In this, his third feature, the director Moussa Touré turns to a punishing practice that has been going on for years. Conditions are tough in their country and in those nearby, so men have been trying to emigrate to the Old World, Spain particularly. They can’t afford regular passage, so they pay less for the trip northward by sea in a pirogue. Every year many of these boats are lost and passengers with them. Senegalese boat owners continue to sell passage profitably, and desperate men pay for it, danger and all.
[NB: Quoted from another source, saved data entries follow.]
(* Let $\varphi\in\mathcal I^L$ and let $S=(S_{kl})$ be the symmetric integer matrix with $\varphi_*(b_l)=b_l+\sum_k S_{kl}a_k$. Then for every $x\in D_2(H)$, $$\mu(x,\varphi)=\Big(\tfrac12\omega_S+\omega_\delta\Big)\big(\operatorname{Tr}^{\omega_S}(x)\big).$$
   Context: Let $\Sigma_{g,1}$ be a compact connected oriented surface of genus $g$ with one boundary component, $\mathcal M$ its mapping class group (fixing the boundary pointwise), $H=H_1(\Sigma_{g,1};\mathbb Z)$ with intersection form $\omega$, $\mathcal L(H)$ the free Lie ring on $H$ embedded in $T(H)$ via $[x,y]=x\otimes y-y\otimes x$, and $D_2(H)=\ker(H\otimes\mathcal L_3(H)\to\mathcal L_4(H),\ h\otimes u\mapsto[h,u])$. Let $V_g$ be a handlebody with $\Sigma_{g,1}\subset\partial V_g$; $A=\ker(H\to H_1(V_g;\mathbb Z))$. The Lagrangian Torelli group is $\mathcal I^L:=\{\varphi\in\mathcal M:\varphi_*(A)\subset A,\ \varphi_*|_A=\mathrm{id}\}$. Let $j:\Sigma_{g,1}\to S^3$ be a Heegaard embedding (i.e. $j(\Sigma_{g,1})$ is a genus-$g$ Heegaard surface minus an open disk, splitting $S^3$ into inner handlebody $\overline V$ and outer $\overline W$, oriented from $\overline V$) which extends to $V_g$ with $j(V_g)=\overline V$; $j^+$ is $j$ pushed into $\overline W$. Fix a symplectic basis $(a_1,\dots,a_g,b_1,\dots,b_g)$ of $H$ (classes of meridians and parallels of $\overline V$, pulled back by $j$) with $a_i\in A$, such that $\operatorname{lk}(j_*(x),j^+_*(y))=\omega_\delta(x,y)$ for all $x,y\in H$, where $\omega_\delta$ is the bilinear form on $H$ with $\omega_\delta(b_i,a_k)=\delta_{ik}$ and $\omega_\delta$ vanishing on all other pairs of basis vectors. For a symmetric matrix $S$, $\omega_S$ is the bilinear form on $H$ with $\omega_S(b_k,b_l)=S_{kl}$ and $\omega_S(a_k,\cdot)=\omega_S(\cdot,a_k)=0$; a bilinear form $\beta$ is applied to $H\otimes H$ by $x\otimes y\mapsto\beta(x,y)$. $\operatorname{Tr}^{\omega_S}:D_2(H)\to H^{\otimes2}$ is the composite $D_2(H)\subset H\otimes\mathcal L_3(H)\subset H^{\otimes4}\to H^{\otimes2}$, $x_1\otimes x_2\otimes x_3\otimes x_4\mapsto\omega_S(x_1,x_2)\,x_3\otimes x_4$. With $x\leftrightarrow y:=x\otimes y+y\otimes x$, $T(a,b;c,d):=a\otimes[b,[c,d]]+b\otimes[[c,d],a]+c\otimes[d,[a,b]]+d\otimes[[a,b],c]$, $a\odot b:=a\otimes[b,[a,b]]+b\otimes[[a,b],a]$, let $\Psi:(\Lambda^2H\otimes\Lambda^2H)^{\mathfrak S_2}\to D_2(H)$ be the surjection $(a\wedge b)\leftrightarrow(c\wedge d)\mapsto T(a,b;c,d)$, $(a\wedge b)\otimes(a\wedge b)\mapsto a\odot b$. Let $\mathcal C$ be the commutative unital ring generated by $l(u,v)$ ($u,v\in H$), linear in $u$, with $l(v,u)=l(u,v)+\omega(u,v)$; for a Heegaard embedding $k$, $\varepsilon_k:\mathcal C\to\mathbb Z$ is the ring map $l(u,v)\mapsto\operatorname{lk}(k_*(u),k^+_*(v))$; $\theta:(\Lambda^2H\otimes\Lambda^2H)^{\mathfrak S_2}\to\mathcal C$ is given by $(u\wedge v)\otimes(u\wedge v)\mapsto l(u,u)l(v,v)-l(u,v)l(v,u)$ and $(a\wedge b)\leftrightarrow(c\wedge d)\mapsto l(a,c)l(b,d)-l(a,d)l(b,c)-l(d,a)l(c,b)+l(c,a)l(d,b)$. Finally $\mu:D_2(H)\times\mathcal M\to\mathbb Z$ is the (well-defined) map $\mu(\Psi(x),\varphi)=(\varepsilon_j-\varepsilon_{j\circ\varphi})(\theta(x))$. *)

theory Defs
  imports Complex_Main "HOL-Library.Function_Algebras"
begin

text \<open>The genus index set is a finite type 'g (g = CARD('g)).
 H = Z^{2g} with symplectic basis a_i = e(Inl i), b_i = e(Inr i).\<close>

type_synonym 'g idx = "'g + 'g"
type_synonym 'g vec = "'g idx \<Rightarrow> int"
type_synonym 'g ten2 = "'g idx \<times> 'g idx \<Rightarrow> int"
type_synonym 'g ten3 = "'g idx \<times> 'g idx \<times> 'g idx \<Rightarrow> int"
type_synonym 'g ten4 = "'g idx \<times> 'g idx \<times> 'g idx \<times> 'g idx \<Rightarrow> int"

definition basis_e :: "'g idx \<Rightarrow> 'g vec" where
  "basis_e k = (\<lambda>j. if j = k then 1 else 0)"

definition avec :: "'g \<Rightarrow> 'g vec" where "avec i = basis_e (Inl i)"
definition bvec :: "'g \<Rightarrow> 'g vec" where "bvec i = basis_e (Inr i)"

definition scal :: "int \<Rightarrow> 'g vec \<Rightarrow> 'g vec" where
  "scal c v = (\<lambda>j. c * v j)"

definition br2 :: "'g vec \<Rightarrow> 'g vec \<Rightarrow> 'g ten2" where
  "br2 x y = (\<lambda>(i,j). x i * y j - y i * x j)"

definition br12 :: "'g vec \<Rightarrow> 'g ten2 \<Rightarrow> 'g ten3" where
  "br12 x t = (\<lambda>(i,j,k). x i * t (j,k) - t (i,j) * x k)"

definition br21 :: "'g ten2 \<Rightarrow> 'g vec \<Rightarrow> 'g ten3" where
  "br21 t x = (\<lambda>(i,j,k). t (i,j) * x k - x i * t (j,k))"

definition tens13 :: "'g vec \<Rightarrow> 'g ten3 \<Rightarrow> 'g ten4" where
  "tens13 h u = (\<lambda>(i,j,k,l). h i * u (j,k,l))"

definition Tgen :: "'g vec \<Rightarrow> 'g vec \<Rightarrow> 'g vec \<Rightarrow> 'g vec \<Rightarrow> 'g ten4" where
  "Tgen a b c d =
     tens13 a (br12 b (br2 c d)) + tens13 b (br21 (br2 c d) a)
   + tens13 c (br12 d (br2 a b)) + tens13 d (br21 (br2 a b) c)"

definition odot :: "'g vec \<Rightarrow> 'g vec \<Rightarrow> 'g ten4" where
  "odot a b = tens13 a (br12 b (br2 a b)) + tens13 b (br21 (br2 a b) a)"

text \<open>Generators of (\<Lambda>^2H \<otimes> \<Lambda>^2H)^{S_2}:
  Sq u v = (u\<and>v)\<otimes>(u\<and>v),  Sw a b c d = (a\<and>b) \<leftrightarrow> (c\<and>d).
  An element is presented as a finite Z-linear combination of generators.\<close>
datatype 'v gen = Sq 'v 'v | Sw 'v 'v 'v 'v

fun Psi_gen :: "'g vec gen \<Rightarrow> 'g ten4" where
  "Psi_gen (Sq u v) = odot u v"
| "Psi_gen (Sw a b c d) = Tgen a b c d"

definition Psi :: "(int \<times> 'g vec gen) list \<Rightarrow> 'g ten4" where
  "Psi xs = sum_list (map (\<lambda>(c,x). (\<lambda>t. c * Psi_gen x t)) xs)"

text \<open>\<epsilon>(\<theta>(x)) where \<epsilon> sends l(u,v) to L u v.\<close>
fun theta_eval_gen :: "('v \<Rightarrow> 'v \<Rightarrow> int) \<Rightarrow> 'v gen \<Rightarrow> int" where
  "theta_eval_gen L (Sq u v) = L u u * L v v - L u v * L v u"
| "theta_eval_gen L (Sw a b c d) =
     L a c * L b d - L a d * L b c - L d a * L c b + L c a * L d b"

definition theta_eval :: "('v \<Rightarrow> 'v \<Rightarrow> int) \<Rightarrow> (int \<times> 'v gen) list \<Rightarrow> int" where
  "theta_eval L xs = sum_list (map (\<lambda>(c,x). c * theta_eval_gen L x) xs)"

definition deltaM :: "'g idx \<Rightarrow> 'g idx \<Rightarrow> int" where
  "deltaM p q = (case (p,q) of (Inr i, Inl k) \<Rightarrow> (if i = k then 1 else 0) | _ \<Rightarrow> 0)"

definition SM :: "('g \<Rightarrow> 'g \<Rightarrow> int) \<Rightarrow> 'g idx \<Rightarrow> 'g idx \<Rightarrow> int" where
  "SM S p q = (case (p,q) of (Inr k, Inr l) \<Rightarrow> S k l | _ \<Rightarrow> 0)"

definition form_vec :: "('g idx \<Rightarrow> 'g idx \<Rightarrow> int) \<Rightarrow> 'g vec \<Rightarrow> 'g vec \<Rightarrow> int" where
  "form_vec B u v = (\<Sum>p\<in>UNIV. \<Sum>q\<in>UNIV. B p q * u p * v q)"

definition omega_delta :: "'g::finite vec \<Rightarrow> 'g vec \<Rightarrow> int" where
  "omega_delta = form_vec deltaM"

definition form_ten :: "('g idx \<Rightarrow> 'g idx \<Rightarrow> int) \<Rightarrow> 'g ten2 \<Rightarrow> int" where
  "form_ten B T = (\<Sum>p\<in>UNIV. \<Sum>q\<in>UNIV. B p q * T (p,q))"

definition TrS :: "('g::finite \<Rightarrow> 'g \<Rightarrow> int) \<Rightarrow> 'g ten4 \<Rightarrow> 'g ten2" where
  "TrS S X = (\<lambda>(k,l). \<Sum>i\<in>UNIV. \<Sum>j\<in>UNIV. SM S i j * X (i,j,k,l))"

text \<open>\<mu>(\<Psi>(x),\<phi>) = (\<epsilon>_j - \<epsilon>_{j\<circ>\<phi>})(\<theta>(x)), where
  lk(j_*u, j^+_*v) = \<omega>_\<delta>(u,v) and lk((j\<phi>)_*u,(j\<phi>)^+_*v) = \<omega>_\<delta>(\<phi>_*u,\<phi>_*v).\<close>
definition mu_rep :: "('g::finite vec \<Rightarrow> 'g vec) \<Rightarrow> (int \<times> 'g vec gen) list \<Rightarrow> int" where
  "mu_rep phi xs = theta_eval omega_delta xs
                 - theta_eval (\<lambda>u v. omega_delta (phi u) (phi v)) xs"

end

theory Submission
  imports Defs
begin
Touré wants us first to know something about these people. We begin at some sort of celebration in a town. Before a pleased and gesticulating crowd, powerful men are dancing, wrestling, singing. Through the men’s bodies and pride, we see that we are joining a ceremony of tradition. We then meet Baye Laye, a young fisherman who has been asked to pilot a pirogue to Spain. He has declined. We accompany him to his home. He has a wife and son who need support. In time he accepts.
The trip is both harrowing and familiar. The wagon train in Utah and the patrol in the Sahara are stories we know, and this one is not vastly different. The difference is in Touré s concern to tell us more about his people. Quarrels, even fights occur and are quelled usually by emphasis on their general condition. A stowaway is discovered, a young woman, and the quality of these men is further drawn by the approach of only one man with a very gentle sexual offer. Small Senegalese characteristics are pointed out. A speaks to B, and when A leaves, B looks at C, his look connoting a patch of dialogue.
Horrors occur. They pass another pirogue, stalled for days, whose people plead for help. Baye sails on, his fuel and capacity already strained. A few of the men from the other boat dive overboard and swim to Baye’s boat, where they are indeed cared for. Some of his passengers sicken and die. One attempts suicide. At last a fierce rainstorm kills both of their outboards. They have to make for shore: never visible, wherever it may be. Just then a helicopter from the Spanish Red Cross spots them, and the survivors are saved. The finish is brief and bitter.
The camera work by Thomas Letellier is both intimately fine and breathtaking. The cast, headed by Souleymane Seye Ndiaye as Baye, seems intent on telling the truth. The pirogue practice may still be going on, but at least Touré has done his job and has made a strong film in doing it.